Di questi e di altri interrogativi su chi siamo, da dove veniamo e verso dove stiamo andando, magari senza nemmeno rendercene conto, tratta l’ultimo libro del filosofo Giorgio Girard: Letteralismo religioso delle masse, terrorismo e migrazioni, Mimesis, 2017. Nella prefazione l’autore traccia le linee portanti del suo saggio: “Da tempo la filosofia s’interroga su cosa sia realtà.  Ciò che, semplicemente vivendo, appare scontato, in questo libro viene interrogato”. Ad esempio: siamo sicuri di saper leggere? Eh sì, perché un conto è saper leggere il giornale (ma, anche qui, non è detto che siamo tutti buoni  lettori dei quotidiani, ricordo su questo argomento il bel manuale di Paolo Murialdi intitolato Come si legge un giornale, Laterza, 1975; e, siccome ormai per l’uomo-massa contemporaneo la preghiera del mattino non è più, come diceva Hegel, il giornale ma il telegiornale, è opportuna almeno – sempre che non si scelga di non guardare più la tv –  la lettura di Come si vede il telegiornale di Omar Calabrese e Ugo Volli. Laterza, 1987) un altro saper leggere la Torah, o il Nuovo Testamento o, tema attualissimo, il Corano.
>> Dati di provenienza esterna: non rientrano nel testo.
(* Let $\mathcal H_A,\mathcal H_B$ be finite-dimensional with $d_B=\dim\mathcal H_B$, and let $|\Psi\rangle=\sum_{i=1}^{d_B}\lambda_i|\phi_i^A\rangle\otimes|\xi_i^B\rangle$ be a pure state with full Schmidt rank, i.e. $\{|\phi_i^A\rangle\}$ orthonormal in $\mathcal H_A$, $\{|\xi_i^B\rangle\}$ an orthonormal basis of $\mathcal H_B$, and $\lambda_i\neq 0$ for all $i$. Then the maximal steered coherence of $|\Psi\rangle\langle\Psi|$ attains the largest possible value, namely $\mathcal C(|\Psi\rangle\langle\Psi|)=d_B-1$, the coherence of the maximally coherent state $\frac{1}{\sqrt{d_B}}\sum_{i=1}^{d_B}|\xi_i^B\rangle$.
   Context: For a bipartite state $\rho$ and a POVM element $M$ on $\mathcal H_A$ ($0\le M\le \mathbb 1$) with $p_M:=\mathrm{tr}(M\otimes\mathbb 1\,\rho)>0$, Bob's steered state is $\rho_B^M:=\mathrm{tr}_A(M\otimes\mathbb 1\,\rho)/p_M$. The $\ell_1$-coherence of a state $\sigma$ in an orthonormal basis $\Xi=\{|\xi_i\rangle\}$ is $C(\sigma,\Xi)=\sum_{i\neq j}|\langle\xi_i|\sigma|\xi_j\rangle|$; for a $d_B$-dimensional system it is at most $d_B-1$. The maximal steered coherence is $$\mathcal C(\rho)=\inf_{\Xi}\ \max_{M}\ \frac{1}{p_M}\sum_{i\neq j}\big|\langle\xi_i|\mathrm{tr}_A(M\otimes \mathbb 1\,\rho)|\xi_j\rangle\big|,$$ where the infimum is over all orthonormal eigenbases $\Xi$ of $\rho_B=\mathrm{tr}_A\rho$ (unique up to phases when $\rho_B$ is non-degenerate) and the maximum is over POVM elements $M$ on $\mathcal H_A$ with $p_M>0$. *)

theory Defs
  imports Complex_Main
begin

text \<open>H_A = C^dA, H_B = C^dB with computational bases indexed by
  {0..<dA}, {0..<dB}. Vectors are functions nat => complex (only indices below the
  dimension matter); operators on C^n are matrices nat => nat => complex; operators
  on H_A (x) H_B are functions (nat*nat) => (nat*nat) => complex, entry
  rho (a,b) (a',b') = <a,b| rho |a',b'>.\<close>

definition inner_vec :: "nat \<Rightarrow> (nat \<Rightarrow> complex) \<Rightarrow> (nat \<Rightarrow> complex) \<Rightarrow> complex" where
  "inner_vec n u v = (\<Sum>k<n. cnj (u k) * v k)"

definition orthonormal_family :: "nat \<Rightarrow> nat \<Rightarrow> (nat \<Rightarrow> nat \<Rightarrow> complex) \<Rightarrow> bool" where
  "orthonormal_family n m e \<longleftrightarrow>
     (\<forall>i<m. \<forall>j<m. inner_vec n (e i) (e j) = (if i = j then 1 else 0))"

definition qform :: "nat \<Rightarrow> (nat \<Rightarrow> nat \<Rightarrow> complex) \<Rightarrow> (nat \<Rightarrow> complex) \<Rightarrow> complex" where
  "qform n M v = (\<Sum>a<n. \<Sum>a'<n. cnj (v a) * M a a' * v a')"

definition povm_element :: "nat \<Rightarrow> (nat \<Rightarrow> nat \<Rightarrow> complex) \<Rightarrow> bool" where
  "povm_element n M \<longleftrightarrow>
     (\<forall>v. qform n M v \<in> \<real> \<and> 0 \<le> Re (qform n M v) \<and>
          Re (qform n M v) \<le> Re (inner_vec n v v))"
Ebbene, prosegue Girard, “Un aspetto possibile di questo domandarci passa per la differenza tra ciò che è letterale e ciò che è allegorico”. Non è una questione solo accademica o esegetica se crediamo a quello che ha scritto san Paolo in 2Corinzi 3, 6: “Littera enim occidit, Spiritus autem vivificat”, ma addirittura di vita e di morte, salvezza o perdizione; non per niente così nella tradizione talmudica  come in quella cristiana si insegna il modo corretto di leggere “la parola di Dio”: oltre a quello immediato, letterale e, per così dire, di superficie,  ci sono altri tre livelli di significato: l’allegorico-simbolico, il metaforico-morale  e quello nascosto, mistico-esoterico. Anche i versetti coranici, oltre al significato letterale, sono portatori di significati simbolici (su questo aspetto ha insistito lo studioso egiziano contemporaneo Abu Zayd) ma i fondamentalisti islamici – d’altronde anche quelli cristiani rispetto al Vangelo —  si fermano al livello letterale,  considerato dalla scuola coranica più ortodossa  immutabile e intoccabile in quanto coeterno ad Allah, che ha voluto dettare al Profeta, tramite l’arcangelo Gabriele, il Corano nella lingua  araba del VII secolo e in nessun’altra.  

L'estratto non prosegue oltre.